# Limited Slip - 95 Maxima SE - auto



## Guest (Feb 7, 2003)

Hi,

Does the '95 Maxima SE Automaic have a limited slip differential?


I've got a 95 Maxima SE with 188K miles. I am getting some clicking from the front end whenever I turn. I was told I need Half-shafts... at $240 a piece.

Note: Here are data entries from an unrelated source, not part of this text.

(* (Young's inequality for an exponential density.) Let $1<p<2$, let $p'$ be defined by $\frac1p+\frac1{p'}=1$, and let $\varphi(x)=e^{-|x|}$ on $\mathbb R$. Set \[ A_p=\left(\frac{p'}{2}\right)^{2/p}\left[\frac{\Gamma\!\left(\frac{2p}{2-p}\right)}{\Gamma\!\left(\frac{2}{2-p}\right)\Gamma\!\left(\frac{p}{2-p}\right)}\right]^{\frac{2}{p}-1}. \] Then for every $f\in L^p(\mathbb R)$, \[ \|\varphi*f\|_{L^{p'}(\mathbb R)}\le A_p\,\|f\|_{L^p(\mathbb R)} . \]
   Context: Here $\varphi*f(x)=\int_{\mathbb R}\varphi(x-y)f(y)\,dy$ denotes convolution on $\mathbb R$. *)

theory Defs
  imports "HOL-Analysis.Analysis"
begin

definition Lp_norm :: "real \<Rightarrow> (real \<Rightarrow> real) \<Rightarrow> real" where
  "Lp_norm q g = (LINT x|lborel. \<bar>g x\<bar> powr q) powr (1 / q)"

definition in_Lp :: "real \<Rightarrow> (real \<Rightarrow> real) \<Rightarrow> bool" where
  "in_Lp q g \<longleftrightarrow> g \<in> borel_measurable lborel \<and> integrable lborel (\<lambda>x. \<bar>g x\<bar> powr q)"

definition conv :: "(real \<Rightarrow> real) \<Rightarrow> (real \<Rightarrow> real) \<Rightarrow> real \<Rightarrow> real" where
  "conv \<phi> f x = (LINT y|lborel. \<phi> (x - y) * f y)"

definition conj_exp :: "real \<Rightarrow> real" where
  "conj_exp p = p / (p - 1)"

definition A_const :: "real \<Rightarrow> real" where
  "A_const p = (conj_exp p / 2) powr (2 / p) *
     (Gamma (2 * p / (2 - p)) / (Gamma (2 / (2 - p)) * Gamma (p / (2 - p)))) powr (2 / p - 1)"

end

theory Submission
  imports Defs "HOL-Probability.Distributions"
begin

text \<open>
  H\<ouml>lder's inequality against the weight \<open>\<phi>(x - \<cdot>)\<close> gives
  \<open>|\<phi> * f| \<le> \<parallel>\<phi>\<parallel>\<^sub>1\<^bsup>1/q\<^esup> (\<phi> * |f|\<^sup>p)\<^bsup>1/p\<^esup>\<close>. For a kernel \<open>0 \<le> \<phi> \<le> 1\<close> this bounds
  \<open>\<phi> * f\<close> uniformly by \<open>\<parallel>\<phi>\<parallel>\<^sub>1\<^bsup>1/q\<^esup> \<parallel>f\<parallel>\<^sub>p\<close> and, after Tonelli, in \<open>L\<^sup>p\<close> by
  \<open>\<parallel>\<phi>\<parallel>\<^sub>1 \<parallel>f\<parallel>\<^sub>p\<close>; since \<open>p \<le> q\<close>, interpolating the two bounds yields
  \<open>\<parallel>\<phi> * f\<parallel>\<^sub>q \<le> \<parallel>\<phi>\<parallel>\<^sub>1\<^bsup>2/q\<^esup> \<parallel>f\<parallel>\<^sub>p\<close>. For \<open>\<phi>(x) = exp (-|x|)\<close>, with \<open>\<parallel>\<phi>\<parallel>\<^sub>1 = 2\<close>,
  this is the constant \<open>4\<^bsup>1/q\<^esup>\<close>.
  Writing \<open>b = p/(2 - p)\<close>, the Gamma quotient in \<open>A\<^sub>p\<close> is \<open>1/(b B(b,b))\<close>, and the bound
  \<open>B(b,b) \<le> 4\<^bsup>1-b\<^esup>\<close> (from \<open>t(1 - t) \<le> 1/4\<close>) together with elementary logarithm
  estimates shows \<open>4\<^bsup>1/q\<^esup> \<le> A\<^sub>p\<close>.
\<close>

lemma conjugate_exponent_gt_1:
  fixes p q :: real
  assumes "1 < p" "1/p + 1/q = 1"
  shows "1 < q"
proof -
  have "1/q = 1 - 1/p" using assms(2) by linarith
  moreover have "0 < 1/p" "1/p < 1" using assms(1) by auto
  ultimately have "0 < 1/q" "1/q < 1" by auto
  then show ?thesis by (simp add: divide_less_eq_1 zero_less_divide_1_iff)
qed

Anyone here had theirs replaced?


----------



## Evolution-Autodesign (Dec 9, 2002)

It does not have a limited slip. Only I30T's and some Canadian Maximas had the limited slip. 



Chazzyd said:


> *Hi,
> 
> Does the '95 Maxima SE Automaic have a limited slip differential?
> 
> ...


----------



## Guest (Mar 2, 2003)

I thought Jeff were making LSD available for 4th gens?


----------



## Evolution-Autodesign (Dec 9, 2002)

I've already got them available. They've been out for a few months now. Thanks.




QueenBMax said:


> *I thought Jeff were making LSD available for 4th gens? *


----------



## Guest (Mar 2, 2003)

Evolution-Autodesign said:


> *I've already got them available. They've been out for a few months now. Thanks. *


I know you do silly, I meant for the guy who started this thread... he was asking about LSD.. maybe Jeff's LSD is something he can look into as an optional add on, unless it isn't applicable for autos.


----------



## Evolution-Autodesign (Dec 9, 2002)

My mistake, it's been a long, long day.


----------